1960
The modern era (beginning in the 1960s), coincident with parallel dramatic advances in radiology, microsurgical instrumentation, and anesthesiology. These advances resulted in a better understanding of the pathophysiological aspects in neurosurgery.
Cyclically fluctuating intracranial pressure (ICP) with periodic breathing was first described by Nils Lundberg in 1960 1).
The first endoscope is credited to Philipp Bozzini, a German physician, who demonstrated the “Lichtleiter”, a candlelit tube, in 1806 to the Academy of Medicine in Vienna 2).

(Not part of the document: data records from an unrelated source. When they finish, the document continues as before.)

lemma integral_coord_simplex_insert_slice:
  fixes \<omega> :: "'i \<Rightarrow> real"
  assumes fJ: "finite J" and bJ: "b \<notin> J"
  shows "(\<integral>y. indicator (coord_simplex (insert b J)) (x(b := y))
             * ((1 - sum (x(b := y)) (insert b J)) ^ c * (\<Sum>i\<in>insert b J. (x(b := y)) i * \<omega> i) ^ r) \<partial>lborel)
       = (\<Sum>k\<le>r. of_nat (r choose k) * \<omega> b ^ k * (fact c * fact k / fact (c + k + 1))
             * (indicator (coord_simplex J) x * ((1 - sum x J) ^ (c + k + 1) * (\<Sum>i\<in>J. x i * \<omega> i) ^ (r - k))))"
proof -
  define Q where "Q = (\<Sum>i\<in>J. x i * \<omega> i)"
  define L where "L = 1 - sum x J"
  have sum_upd: "sum (x(b := y)) (insert b J) = y + sum x J" for y
    using fJ bJ by (auto simp: sum.insert intro!: sum.cong)
  have inner_upd: "(\<Sum>i\<in>insert b J. (x(b := y)) i * \<omega> i) = y * \<omega> b + Q" for y
    using fJ bJ unfolding Q_def by (auto simp: sum.insert intro!: sum.cong)
  have "x(b := y) \<in> coord_simplex (insert b J) \<longleftrightarrow> x \<in> coord_simplex J \<and> y \<in> {0..L}" for y
    unfolding coord_simplex_def L_def using sum_upd[of y] bJ by (auto split: if_splits)
  then have slice: "indicator (coord_simplex (insert b J)) (x(b := y))
      = (indicator (coord_simplex J) x * indicator {0..L} y :: real)" for y
    by (simp add: indicator_def)
  show ?thesis
  proof (cases "x \<in> coord_simplex J")
    case False
    then show ?thesis by (simp add: slice)
  next
    case True
    then have "L \<ge> 0" unfolding L_def coord_simplex_def by auto
    have "(\<integral>y. indicator (coord_simplex (insert b J)) (x(b := y))
             * ((1 - sum (x(b := y)) (insert b J)) ^ c * (\<Sum>i\<in>insert b J. (x(b := y)) i * \<omega> i) ^ r) \<partial>lborel)
        = (\<integral>y. indicator {0..L} y * ((L - y) ^ c * (y * \<omega> b + Q) ^ r) \<partial>lborel)"
      using True unfolding slice sum_upd inner_upd by (simp add: L_def algebra_simps)
    also have "\<dots> = (\<Sum>k\<le>r. of_nat (r choose k) * \<omega> b ^ k * (fact c * fact k / fact (c + k + 1))
                        * (L ^ (c + k + 1) * Q ^ (r - k)))"
      unfolding integral_power_beta_binomial[OF \<open>L \<ge> 0\<close>] by (simp add: mult_ac)
    finally show ?thesis using True by (simp add: L_def Q_def)
  qed
qed

text \<open>
  A form of Dirichlet's integral. The factor \<open>(1 - \<Sum>x)\<^sup>c\<close> is what lets the induction over the
  coordinates go through.
\<close>

lemma integral_coord_simplex_moment:
  fixes \<omega> :: "'i \<Rightarrow> real"
  assumes "distinct bs"
  shows "(\<integral>x. indicator (coord_simplex (set bs)) x
             * ((1 - sum x (set bs)) ^ c * (\<Sum>i\<in>set bs. x i * \<omega> i) ^ r) \<partial>Pi\<^sub>M (set bs) (\<lambda>_. lborel))
         = fact c * fact r * complete_homogeneous (map \<omega> bs) r / fact (c + r + length bs)"
  using assms
proof (induction bs arbitrary: c r)
  case Nil
  have "(\<integral>x. indicator (coord_simplex {}) x * ((1 - sum x {}) ^ c * (\<Sum>i\<in>{}. x i * \<omega> i) ^ r)
          \<partial>count_space {\<lambda>_. undefined})
      = (if r = 0 then 1 else 0)"
    by (simp add: lebesgue_integral_count_space_finite coord_simplex_def)
  then show ?case by (simp add: PiM_empty)
next
  case (Cons b bs)
  define J where "J = set bs"
  have bJ: "b \<notin> J" and fJ: "finite J" and dbs: "distinct bs" using Cons.prems by (auto simp: J_def)
  interpret product_sigma_finite "\<lambda>_::'i. lborel :: real measure" by standard
  define G where "G = (\<lambda>c r x. indicator (coord_simplex J) x * ((1 - sum x J) ^ c * (\<Sum>i\<in>J. x i * \<omega> i) ^ r))"
  define D :: real where "D = fact (c + r + length (b # bs))"
  have intF: "integrable (Pi\<^sub>M (insert b J) (\<lambda>_. lborel)) (\<lambda>x. indicator (coord_simplex (insert b J)) x
      * ((1 - sum x (insert b J)) ^ c * (\<Sum>i\<in>insert b J. x i * \<omega> i) ^ r))"
    using fJ by (intro integrable_coord_simplex_bounded[where B="(\<Sum>i\<in>insert b J. \<bar>\<omega> i\<bar>) ^ r"]
        coord_simplex_moment_bound) (auto, measurable)
  have intG: "integrable (Pi\<^sub>M J (\<lambda>_. lborel)) (G c' r')" for c' r'
    unfolding G_def using fJ
    by (intro integrable_coord_simplex_bounded[where B="(\<Sum>i\<in>J. \<bar>\<omega> i\<bar>) ^ r'"] coord_simplex_moment_bound)
       (auto, measurable)
  have IH: "(\<integral>x. G (c + k + 1) (r - k) x \<partial>Pi\<^sub>M J (\<lambda>_. lborel))
      = fact (c + k + 1) * fact (r - k) * complete_homogeneous (map \<omega> bs) (r - k) / D" if "k \<le> r" for k
    using Cons.IH[OF dbs, of "c + k + 1" "r - k"] that unfolding G_def J_def D_def by simp
  have "(\<integral>x. indicator (coord_simplex (insert b J)) x
            * ((1 - sum x (insert b J)) ^ c * (\<Sum>i\<in>insert b J. x i * \<omega> i) ^ r) \<partial>Pi\<^sub>M (insert b J) (\<lambda>_. lborel))
      = (\<integral>x. (\<Sum>k\<le>r. of_nat (r choose k) * \<omega> b ^ k * (fact c * fact k / fact (c + k + 1))
            * G (c + k + 1) (r - k) x) \<partial>Pi\<^sub>M J (\<lambda>_. lborel))"
    unfolding product_integral_insert[OF fJ bJ intF] G_def
    by (intro Bochner_Integration.integral_cong refl integral_coord_simplex_insert_slice fJ bJ)
  also have "\<dots> = (\<Sum>k\<le>r. of_nat (r choose k) * \<omega> b ^ k * (fact c * fact k / fact (c + k + 1))
            * (\<integral>x. G (c + k + 1) (r - k) x \<partial>Pi\<^sub>M J (\<lambda>_. lborel)))"
    using intG by (simp add: integral_sum)
  also have "\<dots> = (\<Sum>k\<le>r. \<omega> b ^ k * complete_homogeneous (map \<omega> bs) (r - k)) * (fact c * fact r / D)"
    unfolding sum_distrib_right
    by (intro sum.cong refl) (simp only: atMost_iff IH binomial_times_beta)
  finally show ?case by (simp add: J_def D_def mult_ac)
qed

This was vastly improved in 1877 by Max Nitze, a German urologist, with the addition of lenses for magnification and an internal light source noting “to light up a room one must carry the lamp inside 3). ” His first endoscope used a water-cooled platinum wire for illumination but Edison's invention of the incandescent bulb in 1879 allowed the development of a cystoscope that no longer required water cooling. Using his invention, Nitze was the first person to perform endoscopic surgery with wire loops and to take endoscopic pictures. The next technological breakthrough occurred almost a century later when Harold Hopkins in 1960 vastly improved optical efficiency by inserting glass rods and neutral gas between the lenses. Around the same time, Basil Hirschowitz, an American gastroenterologist, developed a flexible endoscope using fiberoptics. The modern rigid endoscope was invented by Karl Storz in 1965 when he combined the optical rod system of Hopkins and used fiberoptics to carry illumination down to the tip of the endoscope 4).